This has been a slow couple of weeks on Pas de Deux, as Benn has been sick and unable to continue any of the work on the boat, and I have been struggling with preparing my visa application. I’ve realized that my plan to somehow obtain my marriage visa in time to move to the UK before Christmas was completely unreasonable, so we are delaying the application until the end of January. This means that I won’t be moving onto Pas de Deux until March at the earliest, assuming, of course, that my application is actually accepted.
All of this visa-anxiety has resulted in me neglecting this blog entirely. This neglect wouldn’t be so bad, except that I’ve also been neglecting to think about the whole concept and practice of sailing, including anything that pertains to the renovation of our boat. And, this might not be so bad either (I do have until March, after all), except that in November, exactly one month from today, Benn and I will be doing a week-long catamaran sailing course in Florida.
One would assume that two people who have bought a boat would be proficient and experienced sailors. This is not the case with Benn and me. He has had plenty of sailing experience and has even crossed the Channel once or twice, but hasn’t stepped aboard a sailboat for about 16 years. I, on the other hand, have almost no experience with sailing and only a very rudimentary understanding of how it all works.
Although a sailing course would theoretically be a good first step in remedying the situation, the people who attend that sort of thing are generally expected to know what, for example, the word “jibe” means. In fact, many people have had years of sailing experience and only take these sorts of classes to get a certification to prove it.
The course instructors have assured us that you can be a total novice and successfully complete the course, but it requires a lot of study beforehand. They have sent us four textbooks for just that purpose, and we are supposed to have them pretty much memorized before we even arrive at the marina.
Benn started reading the books the instant he received them in the mail — which was maybe 2 months ago. I’ve read most of the first textbook, skipping the parts about boring things like Coast Guard regulations, and have flipped through the first 10 pages of the last textbook, just to see how difficult it was going to be.

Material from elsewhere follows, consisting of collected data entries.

(* The set \[ \left\{\frac{x}{\big(\mu_{\mathfrak C}([0,x])\big)^{\log_s p}}:\ x\in \mathfrak C\cap\left[\tfrac{h(1)}{p},1\right]\right\} \] is exactly the set of accumulation points of the sequence $(b_n)_{n\ge 1}$.
   Context: Fix integers $p\ge 3$ and $2\le s<p$, and a set $A\subset\{0,1,\dots,p-1\}$ with $\#A=s$. Let $h:\{0,1,\dots,s-1\}\to A$ be the unique strictly increasing bijection. For a positive integer $n$ with base-$s$ expansion $n=\sum_{i=0}^k\varepsilon_i s^i$ ($\varepsilon_i\in\{0,\dots,s-1\}$, $\varepsilon_k\ne 0$), put $a_n=\sum_{i=0}^k h(\varepsilon_i)p^i$ (the integer whose base-$p$ digits are $h(\varepsilon_k),\dots,h(\varepsilon_0)$). Let $b_n=a_n/n^{\log_s p}$ for $n\ge1$. Let $\mathfrak C=\{x\in[0,1]:$ all digits in the base-$p$ expansion of $x$ belong to $A\}$, the attractor of the maps $S_i(x)=(x+h(i))/p$, $0\le i\le s-1$, and let $\mu_{\mathfrak C}$ be the unique Borel probability measure with $\mu_{\mathfrak C}=\sum_{i=0}^{s-1}\frac1s\,\mu_{\mathfrak C}\circ S_i^{-1}$. An accumulation point of $(b_n)$ is a real number that is the limit of $b_{n_k}$ for some strictly increasing sequence of indices $(n_k)$. *)

theory Defs
  imports "HOL-Probability.Probability"
begin

definition hmap :: "nat set \<Rightarrow> nat \<Rightarrow> nat" where
  "hmap A i = sorted_list_of_set A ! i"

text \<open>a_n: replace the base-s digits of n by their images under h and read in base p.\<close>
function aseq :: "nat \<Rightarrow> nat \<Rightarrow> nat set \<Rightarrow> nat \<Rightarrow> nat" where
  "aseq p s A n = (if n = 0 \<or> s < 2 then 0
                   else hmap A (n mod s) + p * aseq p s A (n div s))"
  by auto
termination
  by (relation "Wellfounded.measure (\<lambda>(p, s, A, n). n)") auto

definition bseq :: "nat \<Rightarrow> nat \<Rightarrow> nat set \<Rightarrow> nat \<Rightarrow> real" where
  "bseq p s A n = real (aseq p s A n) / (real n) powr (log (real s) (real p))"
section \<open>The estimate for a fixed large \<open>k\<close>\<close>

text \<open>The numerical hypotheses used for a fixed \<open>k\<close>: \<open>T\<close> is the deviation threshold of
  PR1--PR2, \<open>e^-K\<close> the target fraction of removed variables, \<open>h\<close> the exponential
  parameter of the Chernoff bounds and \<open>e^-\<beta>\<close> the cost of one clause in the dense event.\<close>
locale fixed_k =
  fixes k :: nat and r T K h \<beta> :: real
  assumes T_def: "T = real k ^ 3 * 2 powr (real k / 2)"
    and k_pos: "k \<ge> 1" and r_ge_1: "r \<ge> 1" and K_nonneg: "K \<ge> 0"
    and h_def: "h = T / (4 * (real k * r / 2 + real k))"
    and h_le_1: "h \<le> 1" and k_le_T: "real k \<le> T / 8"
    and tail_gain: "ln 8 + 2 + K \<le> h * T / 8"
    and dense_base: "64 * exp 1 * r * real k ^ 3 * exp (-K) / T \<le> exp (-\<beta>)"
    and beta_nonneg: "\<beta> \<ge> 0" and dense_gain: "3 + 2 * K \<le> \<beta> * T / (8 * real k)"
begin

abbreviation \<delta> :: real where "\<delta> \<equiv> exp (- K)"

lemma T_pos: "T > 0"
  using T_def k_pos by simp

lemma h_nonneg: "h \<ge> 0" and h_tuned: "(real k * r / 2 + real k) * h = T / 4"
proof -
  have pos: "real k * r / 2 + real k > 0" using k_pos r_ge_1 by (simp add: add_pos_pos)
  have "0 < 4 * (real k * r / 2 + real k)" by (rule mult_pos_pos[OF _ pos]) simp
  thus "h \<ge> 0" unfolding h_def using T_pos divide_nonneg_pos by (metis less_imp_le)
  have cancel: "x * (T / (4 * x)) = T / 4" if "x \<noteq> 0" for x :: real using that by simp
  show "(real k * r / 2 + real k) * h = T / 4" unfolding h_def by (rule cancel) (use pos in simp)
qed

text \<open>The entropy of choosing the \<open>lam\<close> literals is beaten by the Chernoff exponent.\<close>
lemma binomial_chernoff_tradeoff:
  assumes N: "N > 0" and lam: "lam > 0" "\<delta> * real N / 4 \<le> real lam"
    and x: "x \<le> -(real lam * h * T / 8)" and F: "F \<ge> 0"
  shows "real ((2*N) choose lam) * (F * exp x) \<le> F * exp (- real lam)"
proof -
  have "real ((2*N) choose lam) * (F * exp x) \<le> exp (real lam * (ln 8 + 1 + K)) * (F * exp (-(real lam * h * T / 8)))"
    using binomial_literals_le[OF lam] x F by (intro mult_mono mult_left_mono) auto
  also have "\<dots> = F * exp (real lam * (ln 8 + 1 + K) - real lam * h * T / 8)"
    by (simp only: diff_conv_add_uminus exp_add) simp
  also have "\<dots> \<le> F * exp (- real lam)"
    using mult_left_mono[OF tail_gain, of "real lam"] F by (intro mult_left_mono) (auto simp: algebra_simps)
  finally show ?thesis .
qed

lemma card_high_degree_formulas:
  assumes N: "N > 0" and M: "r * real N \<le> real M" "real M \<le> r * real N + 1"
    and lam: "lam > 0" "\<delta> * real N / 4 \<le> real lam"
  shows "real (card (high_degree_formulas k N M lam (real k * r / 2 + T / 2)))
           \<le> real (card (formulas k N M)) * exp (- real lam)"
proof -
  have exponent: "real (k*M) * (real lam / real (2*N)) * (exp h - 1) - h * (real lam * (real k * r / 2 + T / 2))
      \<le> -(real lam * h * T / 8)" (is "?e \<le> _")
    by (rule chernoff_exponent_upper_tail[where k = "real k"])
      (use expected_hits_bounds[OF N M] h_nonneg h_le_1 h_tuned k_le_T r_ge_1 in auto)
  have "real (card (high_degree_formulas k N M lam (real k * r / 2 + T / 2)))
      \<le> real ((2*N) choose lam) * (real (card (formulas k N M)) * exp ?e)"
    unfolding high_degree_formulas_def by (rule card_many_high_degree[OF N h_nonneg])
  also have "\<dots> \<le> real (card (formulas k N M)) * exp (- real lam)"
    by (rule binomial_chernoff_tradeoff[OF N lam exponent]) simp
  finally show ?thesis .
qed

lemma card_low_degree_formulas:
  assumes N: "N > 0" and M: "r * real N \<le> real M" "real M \<le> r * real N + 1"
    and lam: "lam > 0" "\<delta> * real N / 4 \<le> real lam"
  shows "real (card (low_degree_formulas k N M lam (real k * r / 2 - T / 2)))
           \<le> real (card (formulas k N M)) * exp (- real lam)"
proof -
  have exponent: "real (k*M) * (real lam / real (2*N)) * (exp (-h) - 1) - (-h) * (real lam * (real k * r / 2 - T / 2))
      \<le> -(real lam * h * T / 8)" (is "?e \<le> _")
    by (rule chernoff_exponent_lower_tail[where k = "real k"])
      (use expected_hits_bounds[OF N M] h_nonneg h_le_1 h_tuned r_ge_1 in auto)
  have "real (card (low_degree_formulas k N M lam (real k * r / 2 - T / 2)))
      \<le> real ((2*N) choose lam) * (real (card (formulas k N M)) * exp ?e)"
    unfolding low_degree_formulas_def by (rule card_many_low_degree[OF N]) (use h_nonneg in simp)
  also have "\<dots> \<le> real (card (formulas k N M)) * exp (- real lam)"
    by (rule binomial_chernoff_tradeoff[OF N lam exponent]) simp
  finally show ?thesis .
qed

I think that what’s holding me back is that it seems to me that learning to sail from a textbook is like reading about Algebra without ever being required to solve a math problem or learning to run without ever having had to walk. You come to understand the relationship between wind and sail through observation and to respond to it intuitively after a great deal of practice and experimentation. How can you grasp what it means to jibe and tack without ever having held a sheet or watched the wind pull into a loosened sail? Otherwise, you’re reading a technical manual without any concept of technique — and I’ve never been a big fan of technical manuals.
The textbooks do contain several bits of interesting information, though, like the origin of the word “head,” which was so named because the toilet used to be located beneath the masthead. I have learned what halyards and mizzenmasts are, which means that when I read Moby Dick or Horatio Hornblower I no longer have to skim over the parts about operating the ships. I’ve also learned that the sail is not, as one might think, just a bag that propels the boat by filling with wind, but a foil like the wing of an airplane that corresponds in shape almost exactly to the arch of a seagull’s wing. That is pretty cool.

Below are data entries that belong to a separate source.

lemma invertible_dyadic: "invertible_elem (1 - scaleC (z ^ 2 ^ j) (x ^ 2 ^ j))"
proof (induction j arbitrary: z)
  case 0
  then show ?case using invertible_one_minus by simp
next
  case (Suc j)
  have "invertible_elem (1 + scaleC (z ^ 2 ^ j) (x ^ 2 ^ j))"
    using Suc.IH[of "z * root_minus_one j"] by (simp add: scaleC_power_rotate)
  with Suc.IH[of z] show ?case
    unfolding scaleC_power_Suc_square by (rule inv_elem_one_minus_square(1))
qed

lemma R_Suc:
  "R (Suc j) z = R j z * R j (z * root_minus_one j)"
  "R (Suc j) z = scaleR (1/2) (R j z + R j (z * root_minus_one j))"
proof -
  let ?u = "scaleC (z ^ 2 ^ j) (x ^ 2 ^ j)"
  have minus: "invertible_elem (1 - ?u)" by (rule invertible_dyadic)
  have plus: "invertible_elem (1 + ?u)"
    using invertible_dyadic[of "z * root_minus_one j" j] by (simp add: scaleC_power_rotate)
  have "R (Suc j) z = inv_elem (1 - ?u * ?u)"
    unfolding R_def scaleC_power_Suc_square ..
  moreover have "R j z = inv_elem (1 - ?u)" "R j (z * root_minus_one j) = inv_elem (1 + ?u)"
    by (simp_all add: R_def scaleC_power_rotate)
  ultimately show "R (Suc j) z = R j z * R j (z * root_minus_one j)"
    "R (Suc j) z = scaleR (1/2) (R j z + R j (z * root_minus_one j))"
    using inv_elem_one_minus_square(2,3)[OF minus plus] by simp_all
qed

lemma R_at_0 [simp]: "R j 0 = 1"
  by (simp add: R_def power_0_left)

lemma lipschitz_on_R0: "\<exists>L. L-lipschitz_on (cball 0 r) (R 0)"
proof -
  have "continuous_on (cball 0 r) (R 0)"
    unfolding R_def by (intro continuous_intros invertible_dyadic)
  then have "bounded (R 0 ` cball 0 r)"
    by (intro compact_imp_bounded compact_continuous_image compact_cball)
  then obtain M where M: "M > 0" "\<And>z. z \<in> cball 0 r \<Longrightarrow> norm (R 0 z) \<le> M"
    by (auto simp: bounded_pos)
  have resolvent_identity: "R 0 z - R 0 w = scaleC (z - w) (R 0 z * x * R 0 w)" for z w
  proof -
    have "R 0 z - R 0 w = R 0 z * ((1 - scaleC w x) - (1 - scaleC z x)) * R 0 w"
      using inv_elem_diff[OF invertible_dyadic[of z 0] invertible_dyadic[of w 0]] by (simp add: R_def)
    also have "(1 - scaleC w x) - (1 - scaleC z x) = scaleC (z - w) x"
      by (simp add: scaleC_diff_left)
    finally show ?thesis by (simp add: mult_scaleC_left mult_scaleC_right)
  qed
  have "dist (R 0 z) (R 0 w) \<le> (M * norm x * M) * dist z w" if "z \<in> cball 0 r" "w \<in> cball 0 r" for z w
  proof -
    have "norm (R 0 z * x * R 0 w) \<le> M * norm x * M"
      using M that norm_mult_ineq[of "R 0 z * x" "R 0 w"] norm_mult_ineq[of "R 0 z" x]
      by (smt (verit) mult_mono mult_nonneg_nonneg norm_ge_zero)
    then show ?thesis
      by (simp add: dist_norm resolvent_identity norm_scaleC mult_left_mono mult.commute)
  qed
  then show ?thesis using M(1) by (intro exI lipschitz_onI) auto
qed

lemma lipschitz_on_R: obtains L where "\<And>j. L-lipschitz_on (cball 0 r) (R j)"
proof -
  obtain L where L: "L-lipschitz_on (cball 0 r) (R 0)" using lipschitz_on_R0 by blast
  have "L-lipschitz_on (cball 0 r) (R j)" for j
  proof (induction j)
    case (Suc j)
    show ?case
    proof (rule lipschitz_onI)
      fix z w :: complex assume zw: "z \<in> cball 0 r" "w \<in> cball 0 r"
      let ?\<omega> = "root_minus_one j"
      have "R (Suc j) z - R (Suc j) w = scaleR (1/2) ((R j z - R j w) + (R j (z * ?\<omega>) - R j (w * ?\<omega>)))"
        by (simp add: R_Suc(2) algebra_simps)
      then have "dist (R (Suc j) z) (R (Suc j) w)
          \<le> (1/2) * (dist (R j z) (R j w) + dist (R j (z * ?\<omega>)) (R j (w * ?\<omega>)))"
        using norm_triangle_ineq[of "R j z - R j w" "R j (z * ?\<omega>) - R j (w * ?\<omega>)"]
        by (simp add: dist_norm)
      also have "\<dots> \<le> (1/2) * (L * dist z w + L * dist (z * ?\<omega>) (w * ?\<omega>))"
        using zw lipschitz_onD[OF Suc.IH] by (intro mult_left_mono add_mono) (auto simp: norm_mult)
      also have "dist (z * ?\<omega>) (w * ?\<omega>) = dist z w"
        by (simp add: dist_norm norm_mult flip: left_diff_distrib)
      finally show "dist (R (Suc j) z) (R (Suc j) w) \<le> L * dist z w" by simp
    qed (rule lipschitz_on_nonneg[OF L])
  qed (rule L)
  then show ?thesis by (rule that)
qed

lemma R_rotate_close:
  assumes "L-lipschitz_on (cball 0 r) (R j)" "cmod z \<le> r"
  shows "norm (R j (z * root_minus_one j) - R j z) \<le> L * r * pi * (1/2) ^ j"
proof -
  have "norm (R j (z * root_minus_one j) - R j z) \<le> L * cmod (z * root_minus_one j - z)"
    using lipschitz_onD[OF assms(1), of "z * root_minus_one j" z] assms(2)
    by (simp add: dist_norm norm_mult)
  also have "z * root_minus_one j - z = z * (root_minus_one j - 1)"
    by (simp add: algebra_simps)
  also have "cmod \<dots> = cmod z * cmod (root_minus_one j - 1)"
    by (rule norm_mult)
  also have "L * \<dots> \<le> L * (r * (pi * (1/2) ^ j))"
    using assms norm_root_minus_one_minus_1[of j] lipschitz_on_nonneg[OF assms(1)]
      order_trans[OF norm_ge_zero assms(2)]
    by (intro mult_left_mono mult_mono) auto
  finally show ?thesis by (simp add: mult.assoc)
qed

lemma R_rotate_tendsto_0: "(\<lambda>j. R j (z * root_minus_one j) - R j z) \<longlonglongrightarrow> 0"
proof -
  obtain L where L: "\<And>j. L-lipschitz_on (cball 0 (cmod z)) (R j)" using lipschitz_on_R by blast
  show ?thesis
  proof (rule Lim_null_comparison)
    show "\<forall>\<^sub>F j in sequentially. norm (R j (z * root_minus_one j) - R j z) \<le> L * cmod z * pi * (1/2) ^ j"
      using R_rotate_close[OF L] by simp
    show "(\<lambda>j. L * cmod z * pi * (1/2::real) ^ j) \<longlonglongrightarrow> 0"
      by (intro tendsto_mult_right_zero LIMSEQ_power_zero) simp
  qed
qed

lemma R_convergent: "convergent (\<lambda>j. R j z)"
proof -
  obtain L where L: "\<And>j. L-lipschitz_on (cball 0 (cmod z)) (R j)" using lipschitz_on_R by blast
  have bound: "norm (R (Suc j) z - R j z) \<le> (L * cmod z * pi) * (1/2) ^ j" for j
  proof -
    have "R (Suc j) z - R j z = scaleR (1/2) (R j (z * root_minus_one j) - R j z)"
      by (simp add: R_Suc(2) algebra_simps flip: scaleR_2)
    then have "norm (R (Suc j) z - R j z) = 1/2 * norm (R j (z * root_minus_one j) - R j z)"
      by simp
    then show ?thesis
      using R_rotate_close[OF L[of j], of z] norm_ge_zero[of "R j (z * root_minus_one j) - R j z"]
      by linarith
  qed
  have "summable (\<lambda>j. norm (R (Suc j) z - R j z))"
    by (rule summable_comparison_test'[of "\<lambda>j. (L * cmod z * pi) * (1/2) ^ j" 0])
      (simp_all add: summable_geometric bound)
  then have "convergent (\<lambda>n. \<Sum>j<n. R (Suc j) z - R j z)"
    by (simp add: summable_norm_cancel flip: summable_iff_convergent)
  then have "convergent (\<lambda>n. R n z - R 0 z)"
    using sum_lessThan_telescope[of "\<lambda>j. R j z"] by simp
  then show ?thesis
    by (simp only: convergent_diff_const_right_iff)
qed

definition R_lim :: "complex \<Rightarrow> 'a" where
  "R_lim z = lim (\<lambda>j. R j z)"

lemma R_tendsto_R_lim: "(\<lambda>j. R j z) \<longlonglongrightarrow> R_lim z"
  unfolding R_lim_def using R_convergent by (simp add: convergent_LIMSEQ_iff)

lemma R_lim_idempotent: "R_lim z * R_lim z = R_lim z"
proof -
  have "(\<lambda>j. (R j (z * root_minus_one j) - R j z) + R j z) \<longlonglongrightarrow> 0 + R_lim z"
    by (intro tendsto_add R_rotate_tendsto_0 R_tendsto_R_lim)
  then have "(\<lambda>j. R j z * R j (z * root_minus_one j)) \<longlonglongrightarrow> R_lim z * R_lim z"
    by (intro tendsto_mult R_tendsto_R_lim) simp
  then have "(\<lambda>j. R (Suc j) z) \<longlonglongrightarrow> R_lim z * R_lim z"
    by (simp add: R_Suc(1))
  moreover have "(\<lambda>j. R (Suc j) z) \<longlonglongrightarrow> R_lim z"
    by (rule LIMSEQ_Suc[OF R_tendsto_R_lim])
  ultimately show ?thesis by (rule LIMSEQ_unique)
qed

lemma R_lim_at_0: "R_lim 0 = 1"
  using R_tendsto_R_lim[of 0] by (simp add: LIMSEQ_const_iff)

lemma continuous_on_R_lim: "continuous_on (cball 0 r) R_lim"
proof -
  obtain L where "\<And>j. L-lipschitz_on (cball 0 r) (R j)" using lipschitz_on_R by blast
  then have "L-lipschitz_on (cball 0 r) R_lim"
    by (rule lipschitz_on_limit) (rule R_tendsto_R_lim)
  then show ?thesis by (rule lipschitz_on_continuous_on)
qed

text \<open>A continuous path of idempotents starting at \<open>1\<close> stays at \<open>1\<close>, since the norm of
  \<open>1 - R_lim\<close> cannot cross the gap between \<open>0\<close> and \<open>1\<close>.\<close>

lemma R_lim_of_real: "t \<ge> 0 \<Longrightarrow> R_lim (of_real t) = 1"
proof (rule ccontr)
  assume "t \<ge> 0" "R_lim (of_real t) \<noteq> 1"
  define g where "g s = norm (1 - R_lim (of_real s))" for s
  have gap: "g s = 0 \<or> 1 \<le> g s" for s
    unfolding g_def using R_lim_idempotent[of "of_real s"]
    by (intro idempotent_norm_gap) (simp add: algebra_simps)
  have "continuous_on {0..t} (\<lambda>s. R_lim (of_real s))"
    by (rule continuous_on_compose2[OF continuous_on_R_lim[of t]]) (auto intro!: continuous_intros)
  then have "continuous_on {0..t} g"
    unfolding g_def by (intro continuous_intros)
  moreover have "g 0 \<le> 1/2" "1/2 \<le> g t"
    using gap[of t] \<open>R_lim (of_real t) \<noteq> 1\<close> by (auto simp: g_def R_lim_at_0)
  ultimately obtain s where "g s = 1/2"
    using IVT'[of g 0 "1/2" t] \<open>t \<ge> 0\<close> by auto
  then show False using gap[of s] by simp
qed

Textbook complaints aside, we’re both so excited for the course. Benn is arriving in just three weeks — just in time to witness the collapse of American society after the election — and we’re driving to south Florida a few days later. Neither of us have been there before, and we’re expecting to find a whole new world of exciting colors and tacky tourist spots and revealing clothing just waiting for us to discover it.
We’re also hoping to film much of the course and maybe finally get some videos up on our YouTube channel. In the meantime, you can enjoy this photo Benn took from the top of Pas de Deux’s mast.
Just so you know, a lot of effort went into this photo. To get the Gopro to the top of the mast, he hoisted it up there on a spare halyard (I know what that is now) — but didn’t quite take into account that it would be too light to actually bring back down again. No matter. After a bit of trial and error, he realized that if he wrapped the tail of the main halyard around the bitter end of the spare and then raised the main halyard, it would drag the spare along with it, bringing the Gopro safely back to the ground. (If you want to understand what all of that means, I have a few textbooks I can loan you.)
Disaster averted. So, if any of you ever want to take a photo with your Gopro from the top of your mast and then get it down again, that’s how you do it. You’re very welcome.